Ald. Anthony Beale (9th) said Johnson's inability to convince 26 aldermen to return in August could spell trouble for Sigcho-Lopez's prospect for getting confirmed.

“If people were supportive, they would come back. If you can’t get 26 to come back for something you want done, it means people are not supportive of the decision,” Beale said.

“You’ve got a business community that’s uneasy. ... This is someone who was standing in front of a sign that said, 'Boycott the DNC.' He claims he wasn’t there when an American flag was burned, but it was at your feet.”

Ald. Byron Sigcho-Lopez speaks during a rally outside City Hall in March after an American flag was burned to protest U.S. support for Israel.

Provided by Matthew Kaplan

Sigcho-Lopez said he’s disappointed by the delay, but he's confident he'll be confirmed at the September meeting.

“There will be a block of the 'New Vrdolyak 29' that is opposing anything and everything that we try to do. … That minority of the Council will continue with the tactics of the past. But I’m confident that the majority of the City Council will come together,” Sigcho-Lopez said.

“This is a small minority of special interests that have found in a small number of Council members an excuse to delay and disrupt. But, I am confident that a majority of the City Council understands the importance of advocating for working-class people and I think that, eventually, we’ll get it done.”

Sigcho-Lopez accused Southwest Side Ald. Marty Quinn (13th), who’s leading the charge against the mayor's choice, of “carrying the water for his political boss, Michael Madigan." “Instead of trying to continue to create chaos in the city, they should be worried about the charges that are pressing upon them,” Sigcho-Lopez said of the sweeping federal corruption charges pending against Madigan, former Illinois House speaker.

Quinn, who could not be reached for comment, has branded Sigcho-Lopez a “voice of conflict” and raised concern that Sigcho-Lopez will ram through an accessory dwelling unit ordinance allowing units "that aren’t owner-occupied. Investors, two-houses-per-block-per-year. No aldermanic oversight.”

Mayor Brandon Johnson (right) and Ald. Byron Sigcho-Lopez during a May 2023 visit to the 12th Police District station station, 1412 S. Blue Island Ave., where they met with migrants staying at the station.

Anthony Vazquez/Sun-Times file photo

Sigcho-Lopez vowed to push through an accessory dwelling unit ordinance this fall before the start of what is certain to be a difficult budget season over Quinn’s strenuous objections.

“We are talking about transparent public policy that works for the majority of the city of Chicago and not for corrupt politicians with a habit and track record of shaking down small businesses and residents,” Sigcho-Lopez said.

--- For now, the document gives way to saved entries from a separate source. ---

lemma tree_adjacent_gdist_neq:
  assumes t: "tree V E" and "r \<in> V" and "E a b"
  shows "gdist V E r a \<noteq> gdist V E r b"
proof
  assume eq: "gdist V E r a = gdist V E r b"
  have g: "graph V E" and "connected_graph V E"
    using t by (auto simp: tree_def)
  have "a \<in> V" "b \<in> V" "a \<noteq> b"
    using g \<open>E a b\<close> by (auto simp: graph_def)
  obtain xs ys where xs: "shortest_walk V E r a xs" and ys: "shortest_walk V E r b ys"
    using shortest_walk_exists \<open>connected_graph V E\<close> \<open>r \<in> V\<close> \<open>a \<in> V\<close> \<open>b \<in> V\<close> by metis
  have "a \<notin> set ys" "b \<notin> set xs"
    using gdist_less_if_in_shortest_walk[OF ys, of a] gdist_less_if_in_shortest_walk[OF xs, of b]
      eq \<open>a \<noteq> b\<close> by auto
  then have "\<exists>c. is_cycle V E c"
    using cycle_of_two_walks[OF g] shortest_walk_distinct[OF xs] shortest_walk_distinct[OF ys]
      xs ys \<open>E a b\<close> unfolding shortest_walk_def by metis
  then show False
    using t by (simp add: tree_def)
qed

definition parent :: "'a set \<Rightarrow> ('a \<Rightarrow> 'a \<Rightarrow> bool) \<Rightarrow> 'a \<Rightarrow> 'a \<Rightarrow> 'a \<Rightarrow> bool" where
  "parent V E r a b \<longleftrightarrow> E a b \<and> gdist V E r a < gdist V E r b"

lemma tree_edge_parent_cases:
  assumes "tree V E" "r \<in> V" "E a b"
  shows "parent V E r a b \<or> parent V E r b a"
proof -
  have "E b a"
    using assms by (simp add: tree_def graph_def)
  then show ?thesis
    using tree_adjacent_gdist_neq[OF assms] assms(3) unfolding parent_def by linarith
qed

lemma parent_exists:
  assumes "connected_graph V E" "r \<in> V" "v \<in> V" "v \<noteq> r"
  obtains c where "parent V E r c v"
proof -
  obtain xs where xs: "shortest_walk V E r v xs"
    using shortest_walk_exists assms(1-3) by metis
  then have "xs \<noteq> []" "hd xs = r" "last xs = v"
    by (auto simp: shortest_walk_def walk_def)
  then have "xs = butlast xs @ [v]" "butlast xs \<noteq> []"
    using \<open>v \<noteq> r\<close> by (metis append_butlast_last_id, metis append_butlast_last_id append_Nil list.sel(1))
  then obtain as c where "xs = as @ [c, v]"
    by (metis rev_exhaust append_Cons append_assoc self_append_conv2)
  moreover from this have "E c v" "gdist V E r c \<le> length as"
    using xs gdist_le_prefix_length[of V E as c "[v]" r]
    by (auto simp: shortest_walk_def walk_iff_successively successively_append_iff)
  ultimately have "parent V E r c v"
    using xs unfolding parent_def shortest_walk_def by auto
  then show ?thesis
    by (rule that)
qed

text \<open>If the parent \<open>c\<close> is at least as far from the root as \<open>c'\<close>, it is not on a shortest
  walk to \<open>c'\<close>, and that walk extended by \<open>b\<close> closes a cycle with a shortest walk to \<open>c\<close>.\<close>

lemma tree_parent_unique:
  assumes t: "tree V E" and "r \<in> V" and "parent V E r c b" "parent V E r c' b"
  shows "c = c'"
proof -
  have g: "graph V E" and "connected_graph V E"
    using t by (auto simp: tree_def)
  have False if "c \<noteq> c'" "parent V E r c b" "parent V E r c' b"
    and le: "gdist V E r c' \<le> gdist V E r c" for c c'
  proof -
    have "E c b" "E c' b" "gdist V E r c < gdist V E r b" "gdist V E r c' < gdist V E r b"
      using that unfolding parent_def by auto
    then have "c \<in> V" "c' \<in> V" "c \<noteq> b"
      using g by (auto simp: graph_def)
    obtain xs ys where xs: "shortest_walk V E r c xs" and ys: "shortest_walk V E r c' ys"
      using shortest_walk_exists \<open>connected_graph V E\<close> \<open>r \<in> V\<close> \<open>c \<in> V\<close> \<open>c' \<in> V\<close> by metis
    have "b \<notin> set xs"
      using gdist_less_if_in_shortest_walk[OF xs, of b] \<open>gdist V E r c < gdist V E r b\<close>
      by (cases "b = c") auto
    moreover have "b \<notin> set ys"
      using gdist_less_if_in_shortest_walk[OF ys, of b] \<open>gdist V E r c' < gdist V E r b\<close>
      by (cases "b = c'") auto
    moreover have "c \<notin> set ys"
      using gdist_less_if_in_shortest_walk[OF ys, of c] le \<open>c \<noteq> c'\<close> by auto
    moreover have "walk V E (ys @ [b])"
      using ys \<open>E c' b\<close> g
      by (auto simp: shortest_walk_def walk_iff_successively successively_append_iff graph_def)
    ultimately have "\<exists>cyc. is_cycle V E cyc"
      using cycle_of_two_walks[OF g, of xs "ys @ [b]"] shortest_walk_distinct[OF xs]
        shortest_walk_distinct[OF ys] xs ys \<open>E c b\<close> \<open>c \<noteq> b\<close>
      by (auto simp: shortest_walk_def walk_def)
    then show False
      using t by (simp add: tree_def)
  qed
  then show ?thesis
    using assms(3,4) nat_le_linear by metis
qed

Last month, Johnson spared himself what would have been an embarrassing defeat by calling off the confirmation vote for Sigcho-Lopez, a progressive firebrand who survived an effort to remove him as Housing Committee chair for appearing at a City Hall rally after an American flag was burned to protest U.S. support for Israel.

It happened after the business community’s staunchest Council supporters insisted 34 voters were needed to suspend the rules to consider a mini-reorganization that had not first been approved by the Rules Committee.

At the time, Johnson described Sigcho-Lopez as “someone who believes housing is a human right” and that economic development should be “focused in the neighborhoods for people who have been harmed the most.”